Le miracle n’aura pas lieu en Tunisie
L’exemple le plus frappant de la spécialité tunisienne du faux débat, la feuille de route présentée par l’UGTT pour une sortie de la crise dit-elle. D’abord présentée à qui? Le Président de la République ayant refusé clairement ce type de démarche. Ce plan rappelle les pseudos programmes de l’extrême gauche dans les années soixante dix! Le principe : ôtes toi que je m’y mette! Ce n’est pas susciter un dialogue qu’on cherche, mais provoquer le refus et accuser l’adversaire de refus de dialogue. Et puis il faut être au moins deux parties sinon plusieurs. Or la commission créée est constituée d’une seule partie, l’ex extrême gauche dont certains membres se sont convertis en « société civile ». On s’attendait à mieux de la part de la centrale syndicale. Ce qui prouve qu’elle aussi vit une crise très profonde de manque de compétences.

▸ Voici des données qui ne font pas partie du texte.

lemma level_overflow_shift_good_safe:
  fixes b K R :: nat
  assumes lv: "lv \<in> levels lo N" and C': "C' = C(lv := C lv + {#s#})" and "0 < s"
    and safe: "A lo N C G < 2 ^ b" and overflow: "2 ^ b \<le> A_lev C' G lv"
    and N_K: "real N < 2 ^ K" and "K \<le> R" and "R + 3 \<le> b"
  defines "Gd \<equiv> int R - \<lfloor>log 2 (real (SS C' lv))\<rfloor> - lv"
  shows "2 ^ K \<le> A lo N C' Gd \<and> A lo N C' Gd < 2 ^ b"
proof (rule good_safe_of_M_bounds)
  define S' where "S' = real (SS C' lv)"
  define e where "e = \<lfloor>log 2 S'\<rfloor>"
  have "0 < S'"
    using C' \<open>0 < s\<close> by (simp add: S'_def SS_add_significand)
  then have e: "2 powr e \<le> S'" "S' < 2 powr (e + 1)"
    using floor_log_eq_powr_iff[of S' 2 e] by (simp_all add: e_def)
  have mass_Gd: "W C' lv * 2 powr Gd = S' * 2 powr (real R - e)"
    by (simp add: W_mult_powr S'_def Gd_def e_def)
  have "(2::real) ^ R = 2 powr e * 2 powr (real R - e)"
    by (simp add: powr_realpow flip: powr_add)
  also have "\<dots> \<le> W C' lv * 2 powr Gd"
    unfolding mass_Gd using e(1) by (intro mult_right_mono) simp_all
  finally have mass_Gd_ge: "2 ^ R \<le> W C' lv * 2 powr Gd" .
  have "W C' lv * 2 powr Gd < 2 powr (e + 1) * 2 powr (real R - e)"
    unfolding mass_Gd using e(2) by (intro mult_strict_right_mono) simp_all
  also have "\<dots> = 2 powr (1 + real R)"
    by (simp flip: powr_add)
  also have "\<dots> = 2 * 2 ^ R"
    by (simp add: powr_add powr_realpow)
  finally have mass_Gd_less: "W C' lv * 2 powr Gd < 2 * 2 ^ R" .
  have "Gd \<le> G - 2"
  proof -
    have "(2::real) powr (b - 1) = 2 ^ b / 2"
      using \<open>R + 3 \<le> b\<close> by (simp add: powr_diff powr_realpow)
    also have "\<dots> \<le> 2 ^ b - 1"
      using \<open>R + 3 \<le> b\<close> power_increasing[of 1 b "2::real"] by simp
    also have "\<dots> \<le> W C' lv * 2 powr G"
    proof -
      have "(2::real) ^ b \<le> A_lev C' G lv"
        using overflow by simp
      then show ?thesis
        using A_lev_bounds(2)[of C' G lv] by linarith
    qed
    also have "\<dots> = S' * 2 powr (lv + G)"
      by (simp add: W_mult_powr S'_def)
    also have "\<dots> < 2 powr (e + 1) * 2 powr (lv + G)"
      using e(2) by (intro mult_strict_right_mono) simp_all
    also have "\<dots> = 2 powr (e + 1 + lv + G)"
      by (simp add: add.assoc flip: powr_add)
    finally have "real b - 1 < e + 1 + lv + G"
      by simp
    then show ?thesis
      using \<open>R + 3 \<le> b\<close> unfolding Gd_def e_def S'_def by linarith
  qed
  have "M lo N C Gd = 2 powr (Gd - G) * M lo N C G"
    using M_shift[of lo N C G "Gd - G"] by simp
  also have "\<dots> \<le> 2 powr (-2) * M lo N C G"
    using \<open>Gd \<le> G - 2\<close> by (intro mult_right_mono) (simp_all add: M_nonneg)
  also have "\<dots> < 2 powr (-2) * 2 ^ b"
    using M_less_of_A_less[OF safe] by simp
  finally have M_C_Gd: "M lo N C Gd < 2 ^ b / 4"
    by (simp add: powr_minus divide_simps)
  show "2 ^ K \<le> M lo N C' Gd"
    using mass_Gd_ge level_mass_le_M[OF lv, of C' Gd] power_increasing[OF \<open>K \<le> R\<close>, of "2::real"]
    by linarith
  have "(2::real) ^ R * 8 \<le> 2 ^ b"
    using power_increasing[OF \<open>R + 3 \<le> b\<close>, of "2::real"] by (simp add: power_add)
  moreover have "real N < 2 ^ R"
    using N_K power_increasing[OF \<open>K \<le> R\<close>, of "2::real"] by linarith
  moreover have "M lo N C' Gd \<le> M lo N C Gd + W C' lv * 2 powr Gd"
    unfolding C' by (rule M_add_significand_le[OF lv])
  ultimately show "M lo N C' Gd + N < 2 ^ b"
    using M_C_Gd mass_Gd_less by linarith
qed

lemma total_overflow_shift_good_safe:
  fixes b K R \<Delta> :: nat
  assumes lv: "lv \<in> levels lo N" and C': "C' = C(lv := C lv + {#s#})"
    and safe: "A lo N C G < 2 ^ b" and level_safe: "A_lev C' G lv < 2 ^ b"
    and overflow: "2 ^ b \<le> A lo N C' G"
    and N_K: "real N < 2 ^ K" and "K + \<Delta> \<le> R" and "R + 3 \<le> b" and "2 \<le> \<Delta>"
  shows "2 ^ K \<le> A lo N C' (G - \<Delta>) \<and> A lo N C' (G - \<Delta>) < 2 ^ b"
proof (rule good_safe_of_M_bounds)
  have shift: "M lo N C' (G - \<Delta>) = M lo N C' G / 2 ^ \<Delta>"
    using M_shift[of lo N C' G "- int \<Delta>"] by (simp add: powr_minus powr_realpow divide_inverse)
  have pow_K: "(2::real) ^ K * 8 \<le> 2 ^ b"
    using power_increasing[of "K + 3" b "2::real"] \<open>K + \<Delta> \<le> R\<close> \<open>R + 3 \<le> b\<close>
    by (simp add: power_add)
  have pow_KD: "(2::real) ^ K * 2 ^ \<Delta> * 2 \<le> 2 ^ b"
    using power_increasing[of "K + \<Delta> + 1" b "2::real"] \<open>K + \<Delta> \<le> R\<close> \<open>R + 3 \<le> b\<close>
    by (simp add: power_add)
  have "(2::real) ^ b \<le> A lo N C' G"
    using overflow by simp
  then have "2 ^ b / 2 \<le> M lo N C' G"
    using A_le_M_add_N[of lo N C' G] N_K pow_K by linarith
  then have "2 ^ b / 2 / 2 ^ \<Delta> \<le> M lo N C' (G - \<Delta>)"
    unfolding shift by (rule divide_right_mono) simp_all
  moreover have "2 ^ K \<le> (2::real) ^ b / 2 / 2 ^ \<Delta>"
    using pow_KD by (simp add: divide_simps)
  ultimately show "2 ^ K \<le> M lo N C' (G - \<Delta>)"
    by linarith
  have "M lo N C' G \<le> M lo N C G + W C' lv * 2 powr G"
    unfolding C' by (rule M_add_significand_le[OF lv])
  moreover have "real_of_int (A_lev C' G lv) < 2 ^ b"
    using level_safe by simp
  ultimately have "M lo N C' G < 2 * 2 ^ b"
    using M_less_of_A_less[OF safe] A_lev_bounds(1)[of C' lv G] by linarith
  moreover have "(4::real) \<le> 2 ^ \<Delta>"
    using power_increasing[OF \<open>2 \<le> \<Delta>\<close>, of "2::real"] by simp
  ultimately have "M lo N C' (G - \<Delta>) \<le> M lo N C' G / 4"
    unfolding shift by (intro divide_left_mono) (simp_all add: M_nonneg)
  then show "M lo N C' (G - \<Delta>) + N < 2 ^ b"
    using \<open>M lo N C' G < 2 * 2 ^ b\<close> N_K pow_K by linarith
qed
lemma higher_pderiv_char_poly_submatrix:
  fixes A :: "'a :: idom mat"
  assumes A: "A \<in> carrier_mat n n" and I: "I \<subseteq> {0..<n}" and j: "j \<le> card I"
  shows "(pderiv ^^ j) (char_poly (submatrix A I I)) =
      Polynomial.smult (of_nat (fact j)) (\<Sum>J\<in>{J. J \<subseteq> I \<and> card J = card I - j}. char_poly (submatrix A J J))"
  using j
proof (induction j)
  case 0
  have "finite I" using I finite_subset by blast
  then have "{J. J \<subseteq> I \<and> card J = card I} = {I}" using card_subset_eq by blast
  then show ?case by simp
next
  case (Suc j)
  have fin: "finite I" using I finite_subset by blast
  define s where "s = card I - Suc j"
  have s: "card I - j = Suc s" "card I - s = Suc j" using Suc.prems unfolding s_def by auto
  have "(pderiv ^^ Suc j) (char_poly (submatrix A I I)) = Polynomial.smult (of_nat (fact j))
      (\<Sum>J\<in>{J. J \<subseteq> I \<and> card J = Suc s}. pderiv (char_poly (submatrix A J J)))"
    using Suc by (simp add: s pderiv_smult pderiv_sum)
  also have "\<dots> = Polynomial.smult (of_nat (fact j))
      (\<Sum>J\<in>{J. J \<subseteq> I \<and> card J = Suc s}. \<Sum>i\<in>J. char_poly (submatrix A (J - {i}) (J - {i})))"
    using I by (intro arg_cong[where f = "Polynomial.smult _"] sum.cong refl pderiv_char_poly_submatrix[OF A]) auto
  also have "\<dots> = Polynomial.smult (of_nat (fact j))
      (of_nat (Suc j) * (\<Sum>J\<in>{J. J \<subseteq> I \<and> card J = s}. char_poly (submatrix A J J)))"
    by (simp only: sum_card_subsets_remove[OF fin, of "\<lambda>J. char_poly (submatrix A J J)"] s)
  also have "\<dots> = Polynomial.smult (of_nat (fact (Suc j))) (\<Sum>J\<in>{J. J \<subseteq> I \<and> card J = s}. char_poly (submatrix A J J))"
    by (simp add: of_nat_poly smult_smult algebra_simps)
  finally show ?case unfolding s_def .
qed

lemma sum_card_subsets_insert:
  fixes g :: "'a set \<Rightarrow> 'b :: comm_monoid_add"
  assumes fin: "finite S" and a: "a \<notin> S"
  shows "(\<Sum>T\<in>{T. T \<subseteq> insert a S \<and> card T = Suc r}. g T)
       = (\<Sum>T\<in>{T. T \<subseteq> S \<and> card T = Suc r}. g T) + (\<Sum>P\<in>{P. P \<subseteq> S \<and> card P = r}. g (insert a P))"
proof -
  have split: "{T. T \<subseteq> insert a S \<and> card T = Suc r} =
     {T. T \<subseteq> S \<and> card T = Suc r} \<union> insert a ` {P. P \<subseteq> S \<and> card P = r}"
  proof (intro equalityI subsetI)
    fix T assume T: "T \<in> {T. T \<subseteq> insert a S \<and> card T = Suc r}"
    show "T \<in> {T. T \<subseteq> S \<and> card T = Suc r} \<union> insert a ` {P. P \<subseteq> S \<and> card P = r}"
    proof (cases "a \<in> T")
      case True
      then have "T = insert a (T - {a})" "T - {a} \<subseteq> S" "card (T - {a}) = r"
        using T fin finite_subset by auto
      then show ?thesis by blast
    qed (use T in auto)
  qed (use a fin in \<open>auto simp: card_insert_if, metis card_insert_disjoint finite_subset in_mono\<close>)
  have "inj_on (insert a) {P. P \<subseteq> S \<and> card P = r}"
    using a by (intro inj_onI) auto
  then show ?thesis
    unfolding split using fin a by (subst sum.union_disjoint) (auto simp: sum.reindex)
qed
(* Assume the setting described in the context. Let $q,r\in\mathbb{N}$ and $Q,R>0$ with $q\in(Q,2Q]$, $r\in(R,2R]$, $r<q$, and let $k,\ell$ be integers with $2^{-k}<\psi(q)\le2^{-k+1}$ and $2^{-\ell}<\psi(r)\le2^{-\ell+1}$. Put $$\Delta=\max\left\{\tfrac{2\psi(q)}{q},\tfrac{2\psi(r)}{r}\right\},\quad \delta=\min\left\{\tfrac{2\psi(q)}{q},\tfrac{2\psi(r)}{r}\right\},\quad D=\Delta\frac{qr}{\gcd(q,r)},$$ $q'=q/\gcd(q,r)$, $r'=r/\gcd(q,r)$, $h=q'-r'$. Let $\bullet=k$ if $\psi(q)/q>\psi(r)/r$ and $\bullet=\ell$ if $\psi(q)/q\le\psi(r)/r$, and let $\widehat D=\max\{D,\,h|\boldsymbol\gamma-\mathbf A_\bullet/B_\bullet|\}$. Then, with absolute implied constants: (1) $\lambda(E_q'\cap E_r')\ll\delta^2\gcd(q,r)^2(D^2+1)\ll\lambda(E_q')\lambda(E_r')+D^{-2}\lambda(E_q')\lambda(E_r')$. (2) If $r\nmid q$ and $B_\bullet\le\max\{2^\bullet D,2^{\sigma\bullet}\}$, then $$\lambda(E_q'\cap E_r')\ll\lambda(E_q')\lambda(E_r')+\frac{1}{D^2}\lambda(E_q')\lambda(E_r')\,\mathbb 1[\|h\boldsymbol\gamma\|<D]\left(\mathbb 1[2\widehat D\ge 1/B_\bullet]\,\mathbb 1[B_\bullet\le2^{\sigma\bullet}]+\mathbb 1[2^{\sigma\bullet}<B_\bullet]\right).$$ (3) If $r\nmid q$ and $B_\bullet>\max\{2^\bullet D,2^{\sigma\bullet}\}$, then $$\lambda(E_q'\cap E_r')\ll\lambda(E_q')\lambda(E_r')+\frac{1}{D^2}\lambda(E_q')\lambda(E_r')\,\mathbb 1[\|h\boldsymbol\gamma\|<D]\left(\mathbb 1[2D\ge1/b_\bullet]\,\mathbb 1[h\|b_\bullet\boldsymbol\gamma\|\le1/2]+\mathbb 1[h\|b_\bullet\boldsymbol\gamma\|>1/2]\right).$$
   Context: Notation: $|\cdot|$ is the maximum norm on $\mathbb{R}^2$; $\|\mathbf x\|$ is the max-norm distance from $\mathbf x\in\mathbb{R}^2$ to $\mathbb{Z}^2$; $\lambda$ is Lebesgue measure on $\mathbb{R}^2$; $\mathbb 1[\cdot]$ is the indicator of a condition; for an integer vector $\mathbf x=(x_1,x_2)$ and integer $n$, $\gcd(\mathbf x,n)=\gcd(x_1,x_2,n)$. Shift reduction: Fix $\boldsymbol\gamma\in\mathbb{R}^2\setminus\mathbb{Q}^2$ and $\sigma\in(0,1)$. For $k\ge0$ let $B_k\ge1$ be the smallest integer for which there exists $\mathbf A_k\in\mathbb{Z}^2$ with $|\boldsymbol\gamma-\mathbf A_k/B_k|<2^{-k}$, and fix such an $\mathbf A_k$. When $B_k\ge2$, let $1\le b_k<B_k$ be minimal such that there exists $\mathbf a_k\in\mathbb{Z}^2$ with $|\boldsymbol\gamma-\mathbf a_k/b_k|\le1/(b_kB_k^{1/2})$, and fix such an $\mathbf a_k$. Let $K_0$ be such that $B_k\ge2$ for all $k\ge K_0$. Let $\psi:\mathbb{N}\to[0,1/2]$ satisfy $\psi(q)<2^{-K_0+1}$ for all $q$. For $q$ with $\psi(q)>0$, let $k$ be the integer with $2^{-k}<\psi(q)\le2^{-k+1}$ and set $$S_q=\begin{cases}\{\mathbf u\in(\mathbb{Z}/q\mathbb{Z})^2:\gcd(B_k\mathbf u+\mathbf A_k,B_kq)=1\}&\text{if }B_k\le 2^{\sigma k},\\ \{\mathbf u\in(\mathbb{Z}/q\mathbb{Z})^2:\gcd(b_k\mathbf u+\mathbf a_k,b_kq)=1\}&\text{if }B_k>2^{\sigma k},\end{cases}$$ $$E_q'=\{\boldsymbol\alpha\in[0,1]^2:|q\boldsymbol\alpha-\mathbf u-\boldsymbol\gamma|<\psi(q)\text{ for some }\mathbf u\in\mathbb{Z}^2\text{ with class mod }q\text{ in }S_q\}.$$ *)

theory Defs
  imports "HOL-Analysis.Analysis"
begin
lemma div_eq_iff_bounds:
  fixes s L :: int
  assumes "0 < L"
  shows "s div L = i \<longleftrightarrow> i * L \<le> s \<and> s < (i + 1) * L"
proof
  assume "s div L = i"
  moreover have "s = s div L * L + s mod L" "0 \<le> s mod L" "s mod L < L"
    using assms by simp_all
  ultimately show "i * L \<le> s \<and> s < (i + 1) * L" by (auto simp: algebra_simps)
next
  assume "i * L \<le> s \<and> s < (i + 1) * L"
  then have "(s - i * L) div L = 0" by (simp add: algebra_simps div_pos_pos_trivial)
  then show "s div L = i" using div_mult_self1[of L "s - i * L" i] assms by simp
qed

lemma mem_Ik_iff: "s \<in> Ik k i \<longleftrightarrow> s div Lc ^ k = i"
  using div_eq_iff_bounds[OF Lc_pow_pos] by (auto simp: Ik_def)

lemma Zk_eq_image: "Zk k S = (\<lambda>s. s div Lc ^ k) ` S"
  unfolding Zk_def using mem_Ik_iff by auto

lemma Zk_mono: "S \<subseteq> S' \<Longrightarrow> Zk k S \<subseteq> Zk k S'"
  by (auto simp: Zk_eq_image)

lemma edge_in_rect_base:
  assumes "edge_in_rect a b c d ((x, y), t)"
  shows "a \<le> x \<and> x < b \<and> c \<le> y \<and> y < d"
proof -
  from assms obtain z w where zw: "ends ((x, y), t) = {z, w}"
    "a \<le> fst z" "fst z \<le> b" "c \<le> snd z" "snd z \<le> d"
    "a \<le> fst w" "fst w < b" "c \<le> snd w" "snd w < d"
    unfolding edge_in_rect_def by blast
  then show ?thesis by (cases t) (auto simp: doubleton_eq_iff)
qed

lemma ends_aligned: "z \<in> ends e \<Longrightarrow> w \<in> ends e \<Longrightarrow> fst z = fst w \<or> snd z = snd w"
  by (cases e rule: ends.cases) auto

text \<open>Every edge of the rectangle has an endpoint in the half-open part, so an open path can
  reach the right side \<open>x = b\<close> only strictly below the top \<open>y = d\<close>.\<close>

lemma open_path_below_top:
  assumes "(open_adj \<omega> a b c d)\<^sup>*\<^sup>* q q'" "snd q < d \<or> fst q < b"
  shows "snd q' < d \<or> fst q' < b"
  using assms
proof (induction rule: rtranclp_induct)
  case (step y z)
  then obtain e where e: "edge_in_rect a b c d e" "ends e = {y, z}"
    unfolding open_adj_def by blast
  then obtain z' w' where w': "ends e = {z', w'}" "fst w' < b" "snd w' < d"
    unfolding edge_in_rect_def by blast
  have "z \<in> ends e" "w' \<in> ends e" using e(2) w'(1) by auto
  from ends_aligned[OF this] show ?case using w'(2,3) by auto
qed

Il n’y a pas mieux pour susciter un faux débat que de faux débatteurs. Ce que l’UGTT aurait dû créer, c’est d’abord une commission de négociateurs sans étiquette qui peut dialoguer avec tous les partenaires susceptibles de participer. L’UGTT a raté une chance de se positionner avec un tel pseudo-projet! Mais il semble qu’elle n’a plus le savoir-faire d’antan! Ce qui prélude d’une crise profonde. L’UGTT doit revenir à son rôle défini par ses fondateurs : une centrale syndicale et c’est tout!
Les deux autres parties qui devraient, en tant que partis politiques, être concernées par un éventuel débat (et non un dialogue) sont les islamistes et leurs alliés du Front de salut; ainsi que les destouriens du PDL. Ils nient toute légitimité au pouvoir politique actuel tous niveaux confondus et ne cherchent donc pas le débat. Sur quoi tablent-t-ils? A l’évidence, ils ne tablent que sur un miracle! Mais le temps n’est plus à ce genre de superstition en Tunisie!